I was in Philly this weekend for a wedding, and on the way there, I read a career-self-help book by Cal Newport called So Good They Can’t Ignore You.
Totally recommend it!
One of my favorite lines, which also sums up the book, is this:
Don’t follow your passion; rather, let it follow you in your quest to become, in the words of my favorite Steve Martin quote, “so good that they can’t ignore you.”
That might sound dream-crushing, especially if you want to do something creative. But the book was wildly inspirational.
One of the major themes in So Good They Can’t Ignore You isthat you should “focus on what value you’re producing in your job” rather than focusing on what the job can offer you.
This is probably obvious to doctors and accountants and restaurant owners, and most people in the world who studied high school Economics. Somehow, because I’ve chosen writing, and writing is “art,” I thought it was exempt from all those rules; embarrassingly I never thought about the fact that I could be offering value to the world. Or that by “offering value,” I’d actually have more success. So it goes without saying that I’ve also never asked myself: “How can I get good enough to offer something to the world?”
I think three routes to offering value to the world through The Pen are:
* entertaining
* explaining
* inspiring

I’ve thought about “good” as being chosen—by editors, by readers, by publishers, by bosses, etc. Which often feels lucky (or just as often: unlucky) but always out of my control. So it was empowering to reframe how I think about this.
Because Cal Newport is a computer scientist, this book doesn’t just dance around ideas, it breaks down how to work so that you actually get better—instead of just putting in the 10,000 hours and magically hoping for improvement.

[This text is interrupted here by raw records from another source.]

lemma vpath_Cons_iff:
  "vpath mut c0 x (a # p) y \<longleftrightarrow> lok mut c0 a \<and> lsrc mut a = x \<and> vpath mut c0 (ltgt mut a) p y"
  by (auto intro: vpath.cons elim: vpath.cases)

lemma vpath_source_reachable: "vpath mut c0 x p y \<Longrightarrow> x \<in> reachable mut c0"
proof (induction rule: vpath.induct)
  case (cons a x p y)
  then show ?case by (cases a) (auto intro: reachable.step)
qed

lemma vpath_target_reachable: "vpath mut c0 x p y \<Longrightarrow> y \<in> reachable mut c0"
  by (induction rule: vpath.induct) auto

lemma vpath_append_iff:
  "vpath mut c0 x (p @ q) z \<longleftrightarrow> (\<exists>y. vpath mut c0 x p y \<and> vpath mut c0 y q z)"
  by (induction p arbitrary: x) (auto simp: vpath_Nil_iff vpath_Cons_iff vpath_source_reachable)

lemma lok_ltgt_reachable: "lok mut c0 a \<Longrightarrow> ltgt mut a \<in> reachable mut c0"
  by (cases a) (auto intro: reachable.step)

lemma vpath_linv: "vpath mut c0 x [a] y \<Longrightarrow> vpath mut c0 y [linv a] x"
  by (cases a) (auto simp: vpath_Cons_iff vpath_Nil_iff intro: reachable.step)

lemma ceg_eq_vpath: "ceg_eq mut arr c0 x y p q \<Longrightarrow> vpath mut c0 x p y \<and> vpath mut c0 x q y"
proof (induction rule: ceg_eq.induct)
  case (cancel x a y)
  then have loop: "vpath mut c0 x ([a] @ [linv a]) x"
    using vpath_linv vpath_append_iff by blast
  then show ?case
    using vpath_source_reachable[OF loop] by (auto intro: vpath.nil)
qed (auto simp: vpath_append_iff)

lemma ceg_eq_append:
  assumes "ceg_eq mut arr c0 x y p q" and "ceg_eq mut arr c0 y z p' q'"
  shows "ceg_eq mut arr c0 x z (p @ p') (q @ q')"
proof -
  have q: "vpath mut c0 x q y" and p': "vpath mut c0 y p' z"
    using assms ceg_eq_vpath by blast+
  have "ceg_eq mut arr c0 x z ([] @ p @ p') ([] @ q @ p')"
    using ceg_eq.ctx[OF assms(1) vpath.nil p'] vpath_source_reachable[OF q] .
  moreover have "ceg_eq mut arr c0 x z (q @ p' @ []) (q @ q' @ [])"
    using ceg_eq.ctx[OF assms(2) q vpath.nil] vpath_target_reachable[OF p'] .
  ultimately show ?thesis by (auto intro: ceg_eq.trans)
qed

lemma ceg_eq_cancel_right:
  assumes eq: "ceg_eq mut arr c0 x y (p @ [e]) (q @ [e])" and e: "vpath mut c0 z [e] y"
  shows "ceg_eq mut arr c0 x z p q"
proof -
  have source: "vpath mut c0 z' [e] y \<Longrightarrow> z' = z" for z'
    using e by (simp add: vpath_Cons_iff)
  have p: "vpath mut c0 x p z" and q: "vpath mut c0 x q z"
    using ceg_eq_vpath[OF eq] source by (auto simp: vpath_append_iff)
  have inverse: "ceg_eq mut arr c0 z z [e, linv e] []"
    using e by (rule ceg_eq.cancel)
  have "ceg_eq mut arr c0 x z (p @ [e, linv e]) (q @ [e, linv e])"
    using ceg_eq_append[OF eq ceg_eq.refl[OF vpath_linv[OF e]]] by simp
  moreover have "ceg_eq mut arr c0 x z (p @ [e, linv e]) p"
    using ceg_eq_append[OF ceg_eq.refl[OF p] inverse] by simp
  moreover have "ceg_eq mut arr c0 x z (q @ [e, linv e]) q"
    using ceg_eq_append[OF ceg_eq.refl[OF q] inverse] by simp
  ultimately show ?thesis by (meson ceg_eq.sym ceg_eq.trans)
qed

declare ceg_eq.trans [trans]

This book also spoke to me because there are so many “lifestyle design” blogs out there, arguing that it’s easy to say, travel the world and work remotely, all you have to do is go for it.
Sometimes I feel like a chump for having banal goals like “wanting to buy groceries” or “wanting to afford a coffee table from Jonathan Adler.” Like I’m not being serious about my desire to travel and write, and too lazy to get all minimalist and focused.
This book makes the case that you aren’t ready to take the leap to follow your passion full-time until people are paying you for it. (Again—it’s just commonsense, but this is missing in some of the blogs I read and also in my own thinking.)
ALSO, THERE’S MORE I LOVE IN THIS BOOK: a question I’ve wondered with friends is, “what’s the right amount of satisfaction to expect from a job?” and this book is empowering in that it puts the onus on me, the worker, to create it—not to expect a job to make me happy.
This is all a very long way of saying I had this book on the mind when we went to the Rodin Museum, which is a really fantastic spot in Philadelphia, and I hope you get to go there if you’re in Philly.

Rodin EPITOMIZES SUCCESS—he’s considered the father of modern sculpture.
What I didn’t know, until this weekend, was that Rodin never set out to change his field—he just tried to get really good at it.
And that must have been what kept him chugging along while he was getting rejected, because he dealt with a TON of rejection in his career, both from himself and from the world.
For example, he tried three times to get into the top arts school in Paris, and was rejected every time.
He was self-taught because he had to be, and, to quote Wikipedia’s entry on Rodin, he took a “craftsman-like” approach to his work.

He also rejected just about every fantastic sculpture he ever created for “The Gates of Hell.”
One of the galleries at the Philly Museum houses every iconic sculture of Rodin’s, such as “The Kiss” and “The Thinker” and they were all originally created to be part of Gates of Hell, but then ultimately Rodin didn’t include them. (He did include the Thinker, but a different, later version of it.)
By the way, The Gates of Hell took 37 years to complete.
Total inspiration!
The guy just really, really wanted to be good.
He took the passion out of it; he focused on skills.
A simple lesson for all of us (me) in need of a little reframing.

Thank you, Cal! And thank you, Rodin!